Start of Entries provided

lemma ham_path_lee_line:
  assumes "q \<ge> 2"
  shows "ham_path (lee_adj q) (words q 1) (lee_line q) [0] [1]"
  unfolding ham_path_def
proof (intro conjI)
  show "distinct (lee_line q)"
    by (auto simp: lee_line_def distinct_map inj_on_def)
  have "words q 1 = (\<lambda>x. [x]) ` {..<q}"
    by (auto simp: words_def length_Suc_conv)
  moreover have "set (0 # rev [1..<q]) = {..<q}"
    using assms by auto
  ultimately show "set (lee_line q) = words q 1"
    by (simp only: lee_line_def set_map)
  have "successively (\<lambda>x y. lee_adj q [y] [x]) [1..<q]"
    by (auto simp: successively_conv_nth lee_adj_def lee_dist_Cons)
  moreover have "lee_adj q [0] [q - 1]"
    using assms by (simp add: lee_adj_def lee_dist_Cons of_nat_diff)
  ultimately show "successively (lee_adj q) (lee_line q)"
    using assms by (simp add: lee_line_def successively_map successively_Cons hd_map hd_rev)
  show "lee_line q \<noteq> []" "hd (lee_line q) = [0]" "last (lee_line q) = [1]"
    using assms by (auto simp: lee_line_def last_map last_rev)
qed

lemma length_lee_line: "q > 0 \<Longrightarrow> length (lee_line q) = q"
  by (simp add: lee_line_def)

lemma ham_path_words_odd_modulus:
  assumes "odd q" "q \<ge> 3" "n \<ge> 1"
  shows "\<exists>P. ham_path (lee_adj q) (words q n) P (replicate n 0) (replicate n 1)"
  using assms(3)
proof (induction n rule: nat_induct_at_least)
  case base
  then show ?case
    using ham_path_lee_line[of q] assms by auto
next
  case (Suc n)
  then obtain P where P: "ham_path (lee_adj q) (words q n) P (replicate n 0) (replicate n 1)"
    by blast
  define Qs where "Qs = alternating q P (rev P)"
  have "ham_path (lee_adj q) (words q (1 + n)) (snake (@) (lee_line q) Qs)
          ([0] @ hd (hd Qs)) ([1] @ last (last Qs))"
    using ham_path_lee_line alternating_ham_path_rev[OF symp_lee_adj P] assms
    by (intro ham_path_words_snake_left) (auto simp: Qs_def length_lee_line)
  moreover have "hd (hd Qs) = replicate n 0" "last (last Qs) = replicate n 1"
    using P assms by (simp_all add: Qs_def hd_alternating last_alternating ham_path_def)
  ultimately have "ham_path (lee_adj q) (words q (Suc n)) (snake (@) (lee_line q) Qs)
                     (replicate (Suc n) 0) (replicate (Suc n) 1)"
    by simp
  then show ?case ..
qed

lemma ham_path_words2_00_10:
  assumes "even q" "q \<ge> 2"
  shows "\<exists>A. ham_path (lee_adj q) (words q 2) A [0, 0] [1, 0]"
proof -
  note L = ham_path_lee_line[OF assms(2)]
  define Qs where "Qs = alternating q (lee_line q) (rev (lee_line q))"
  have "ham_path (lee_adj q) (words q (1 + 1)) (snake (@) (lee_line q) Qs)
          ([0] @ hd (hd Qs)) ([1] @ last (last Qs))"
    using L alternating_ham_path_rev[OF symp_lee_adj L] assms
    by (intro ham_path_words_snake_left) (auto simp: Qs_def length_lee_line)
  moreover have "hd (hd Qs) = [0]" "last (last Qs) = [0]"
    using L assms by (auto simp: Qs_def hd_alternating last_alternating ham_path_def last_rev)
  ultimately show ?thesis
    by (auto simp: numeral_2_eq_2)
qed

lemma ham_path_words2_10_11:
  assumes "even q" "q \<ge> 2"
  shows "\<exists>B. ham_path (lee_adj q) (words q 2) B [1, 0] [1, 1]"
proof -
  note L = ham_path_lee_line[OF assms(2)]
  note L' = ham_path_rev[OF symp_lee_adj L]
  define Qs where "Qs = alternating q (rev (lee_line q)) (lee_line q)"
  have "ham_path (lee_adj q) (words q (1 + 1)) (snake (\<lambda>w v. v @ w) (lee_line q) Qs)
          (hd (hd Qs) @ [0]) (last (last Qs) @ [1])"
    using L alternating_ham_path_rev[OF symp_lee_adj L'] assms
    by (intro ham_path_words_snake_right) (auto simp: Qs_def length_lee_line)
  moreover have "hd (hd Qs) = [1]" "last (last Qs) = [1]"
    using L assms by (auto simp: Qs_def hd_alternating last_alternating ham_path_def hd_rev)
  ultimately show ?thesis
    by (auto simp: numeral_2_eq_2)
qed

lemma ham_path_words_even_modulus:
  assumes "even q" "q \<ge> 2" "odd n"
  shows "\<exists>P. ham_path (lee_adj q) (words q n) P (replicate n 0) (replicate n 1)"
  using assms(3)
proof (induction n rule: nat_induct2)
  case 1
  then show ?case
    using ham_path_lee_line[OF assms(2)] by auto
next
  case (step n)
  then obtain P where P: "ham_path (lee_adj q) (words q n) P (replicate n 0) (replicate n 1)"
    by auto
  obtain A where A: "ham_path (lee_adj q) (words q 2) A [0, 0] [1, 0]"
    using ham_path_words2_00_10 assms by blast
  obtain B where B: "ham_path (lee_adj q) (words q 2) B [1, 0] [1, 1]"
    using ham_path_words2_10_11 assms by blast
  have "length P = q ^ n"
    using P card_words[of q n] distinct_card[of P] by (auto simp: ham_path_def)
  moreover have "n > 0"
    using step.prems by (simp add: odd_pos)
  ultimately have "even (length P)" "length P \<ge> 2"
    using assms self_le_power[of q n] by auto
  then have odd_len: "odd (length P - 1)" "length P - 1 > 0"
    by auto
  \<comment> \<open>\<open>length P = q ^ n\<close> is even, so \<open>A, rev A, ..., A\<close> ends at 10,
    where \<open>B\<close> starts\<close>
  define Qs where "Qs = alternating (length P - 1) A (rev A) @ [B]"
  have "ham_path (lee_adj q) (words q (2 + n)) (snake (\<lambda>w v. v @ w) P Qs)
          (hd (hd Qs) @ replicate n 0) (last (last Qs) @ replicate n 1)"
  proof (rule ham_path_words_snake_right[OF P])
    show "length Qs = length P"
      using odd_len by (simp add: Qs_def)
    show "\<forall>Q\<in>set Qs. ham_path (lee_adj q) (words q 2) Q (hd Q) (last Q)"
      using alternating_ham_path_rev(1)[OF symp_lee_adj A] B by (auto simp: Qs_def ham_path_def)
    have "last (alternating (length P - 1) A (rev A)) = A"
      using odd_len by (simp add: last_alternating)
    then show "successively (\<lambda>Q Q'. last Q = hd Q') Qs"
      using alternating_ham_path_rev(2)[OF symp_lee_adj A] A B odd_len
      by (auto simp: Qs_def successively_append_iff ham_path_def)
  qed
  moreover have "hd (hd Qs) = [0, 0]" "last (last Qs) = [1, 1]"
    using odd_len A B by (simp_all add: Qs_def hd_append hd_alternating ham_path_def)
  ultimately have "ham_path (lee_adj q) (words q (n + 2)) (snake (\<lambda>w v. v @ w) P Qs)
                     (replicate (n + 2) 0) (replicate (n + 2) 1)"
    by (simp add: add.commute numeral_2_eq_2)
  then show ?case ..
qed simp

End of Entries provided

→ Task instructions
Transcribe the whole listing above, keeping each line exactly as written.

→ Exercise solution
lemma ham_path_lee_line:
  assumes "q \<ge> 2"
  shows "ham_path (lee_adj q) (words q 1) (lee_line q) [0] [1]"
  unfolding ham_path_def
proof (intro conjI)
  show "distinct (lee_line q)"
    by (auto simp: lee_line_def distinct_map inj_on_def)
  have "words q 1 = (\<lambda>x. [x]) ` {..<q}"
    by (auto simp: words_def length_Suc_conv)
  moreover have "set (0 # rev [1..<q]) = {..<q}"
    using assms by auto
  ultimately show "set (lee_line q) = words q 1"
    by (simp only: lee_line_def set_map)
  have "successively (\<lambda>x y. lee_adj q [y] [x]) [1..<q]"
    by (auto simp: successively_conv_nth lee_adj_def lee_dist_Cons)
  moreover have "lee_adj q [0] [q - 1]"
    using assms by (simp add: lee_adj_def lee_dist_Cons of_nat_diff)
  ultimately show "successively (lee_adj q) (lee_line q)"
    using assms by (simp add: lee_line_def successively_map successively_Cons hd_map hd_rev)
  show "lee_line q \<noteq> []" "hd (lee_line q) = [0]" "last (lee_line q) = [1]"
    using assms by (auto simp: lee_line_def last_map last_rev)
qed

lemma length_lee_line: "q > 0 \<Longrightarrow> length (lee_line q) = q"
  by (simp add: lee_line_def)

lemma ham_path_words_odd_modulus:
  assumes "odd q" "q \<ge> 3" "n \<ge> 1"
  shows "\<exists>P. ham_path (lee_adj q) (words q n) P (replicate n 0) (replicate n 1)"
  using assms(3)
proof (induction n rule: nat_induct_at_least)
  case base
  then show ?case
    using ham_path_lee_line[of q] assms by auto
next
  case (Suc n)
  then obtain P where P: "ham_path (lee_adj q) (words q n) P (replicate n 0) (replicate n 1)"
    by blast
  define Qs where "Qs = alternating q P (rev P)"
  have "ham_path (lee_adj q) (words q (1 + n)) (snake (@) (lee_line q) Qs)
          ([0] @ hd (hd Qs)) ([1] @ last (last Qs))"
    using ham_path_lee_line alternating_ham_path_rev[OF symp_lee_adj P] assms
    by (intro ham_path_words_snake_left) (auto simp: Qs_def length_lee_line)
  moreover have "hd (hd Qs) = replicate n 0" "last (last Qs) = replicate n 1"
    using P assms by (simp_all add: Qs_def hd_alternating last_alternating ham_path_def)
  ultimately have "ham_path (lee_adj q) (words q (Suc n)) (snake (@) (lee_line q) Qs)
                     (replicate (Suc n) 0) (replicate (Suc n) 1)"
    by simp
  then show ?case ..
qed

lemma ham_path_words2_00_10:
  assumes "even q" "q \<ge> 2"
  shows "\<exists>A. ham_path (lee_adj q) (words q 2) A [0, 0] [1, 0]"
proof -
  note L = ham_path_lee_line[OF assms(2)]
  define Qs where "Qs = alternating q (lee_line q) (rev (lee_line q))"
  have "ham_path (lee_adj q) (words q (1 + 1)) (snake (@) (lee_line q) Qs)
          ([0] @ hd (hd Qs)) ([1] @ last (last Qs))"
    using L alternating_ham_path_rev[OF symp_lee_adj L] assms
    by (intro ham_path_words_snake_left) (auto simp: Qs_def length_lee_line)
  moreover have "hd (hd Qs) = [0]" "last (last Qs) = [0]"
    using L assms by (auto simp: Qs_def hd_alternating last_alternating ham_path_def last_rev)
  ultimately show ?thesis
    by (auto simp: numeral_2_eq_2)
qed

lemma ham_path_words2_10_11:
  assumes "even q" "q \<ge> 2"
  shows "\<exists>B. ham_path (lee_adj q) (words q 2) B [1, 0] [1, 1]"
proof -
  note L = ham_path_lee_line[OF assms(2)]
  note L' = ham_path_rev[OF symp_lee_adj L]
  define Qs where "Qs = alternating q (rev (lee_line q)) (lee_line q)"
  have "ham_path (lee_adj q) (words q (1 + 1)) (snake (\<lambda>w v. v @ w) (lee_line q) Qs)
          (hd (hd Qs) @ [0]) (last (last Qs) @ [1])"
    using L alternating_ham_path_rev[OF symp_lee_adj L'] assms
    by (intro ham_path_words_snake_right) (auto simp: Qs_def length_lee_line)
  moreover have "hd (hd Qs) = [1]" "last (last Qs) = [1]"
    using L assms by (auto simp: Qs_def hd_alternating last_alternating ham_path_def hd_rev)
  ultimately show ?thesis
    by (auto simp: numeral_2_eq_2)
qed

lemma ham_path_words_even_modulus:
  assumes "even q" "q \<ge> 2" "odd n"
  shows "\<exists>P. ham_path (lee_adj q) (words q n) P (replicate n 0) (replicate n 1)"
  using assms(3)
proof (induction n rule: nat_induct2)
  case 1
  then show ?case
    using ham_path_lee_line[OF assms(2)] by auto
next
  case (step n)
  then obtain P where P: "ham_path (lee_adj q) (words q n) P (replicate n 0) (replicate n 1)"
    by auto
  obtain A where A: "ham_path (lee_adj q) (words q 2) A [0, 0] [1, 0]"
    using ham_path_words2_00_10 assms by blast
  obtain B where B: "ham_path (lee_adj q) (words q 2) B [1, 0] [1, 1]"
    using ham_path_words2_10_11 assms by blast
  have "length P = q ^ n"
    using P card_words[of q n] distinct_card[of P] by (auto simp: ham_path_def)
  moreover have "n > 0"
    using step.prems by (simp add: odd_pos)
  ultimately have "even (length P)" "length P \<ge> 2"
    using assms self_le_power[of q n] by auto
  then have odd_len: "odd (length P - 1)" "length P - 1 > 0"
    by auto
  \<comment> \<open>\<open>length P = q ^ n\<close> is even, so \<open>A, rev A, ..., A\<close> ends at 10,
    where \<open>B\<close> starts\<close>
  define Qs where "Qs = alternating (length P - 1) A (rev A) @ [B]"
  have "ham_path (lee_adj q) (words q (2 + n)) (snake (\<lambda>w v. v @ w) P Qs)
          (hd (hd Qs) @ replicate n 0) (last (last Qs) @ replicate n 1)"
  proof (rule ham_path_words_snake_right[OF P])
    show "length Qs = length P"
      using odd_len by (simp add: Qs_def)
    show "\<forall>Q\<in>set Qs. ham_path (lee_adj q) (words q 2) Q (hd Q) (last Q)"
      using alternating_ham_path_rev(1)[OF symp_lee_adj A] B by (auto simp: Qs_def ham_path_def)
    have "last (alternating (length P - 1) A (rev A)) = A"
      using odd_len by (simp add: last_alternating)
    then show "successively (\<lambda>Q Q'. last Q = hd Q') Qs"
      using alternating_ham_path_rev(2)[OF symp_lee_adj A] A B odd_len
      by (auto simp: Qs_def successively_append_iff ham_path_def)
  qed
  moreover have "hd (hd Qs) = [0, 0]" "last (last Qs) = [1, 1]"
    using odd_len A B by (simp_all add: Qs_def hd_append hd_alternating ham_path_def)
  ultimately have "ham_path (lee_adj q) (words q (n + 2)) (snake (\<lambda>w v. v @ w) P Qs)
                     (replicate (n + 2) 0) (replicate (n + 2) 1)"
    by (simp add: add.commute numeral_2_eq_2)
  then show ?case ..
qed simp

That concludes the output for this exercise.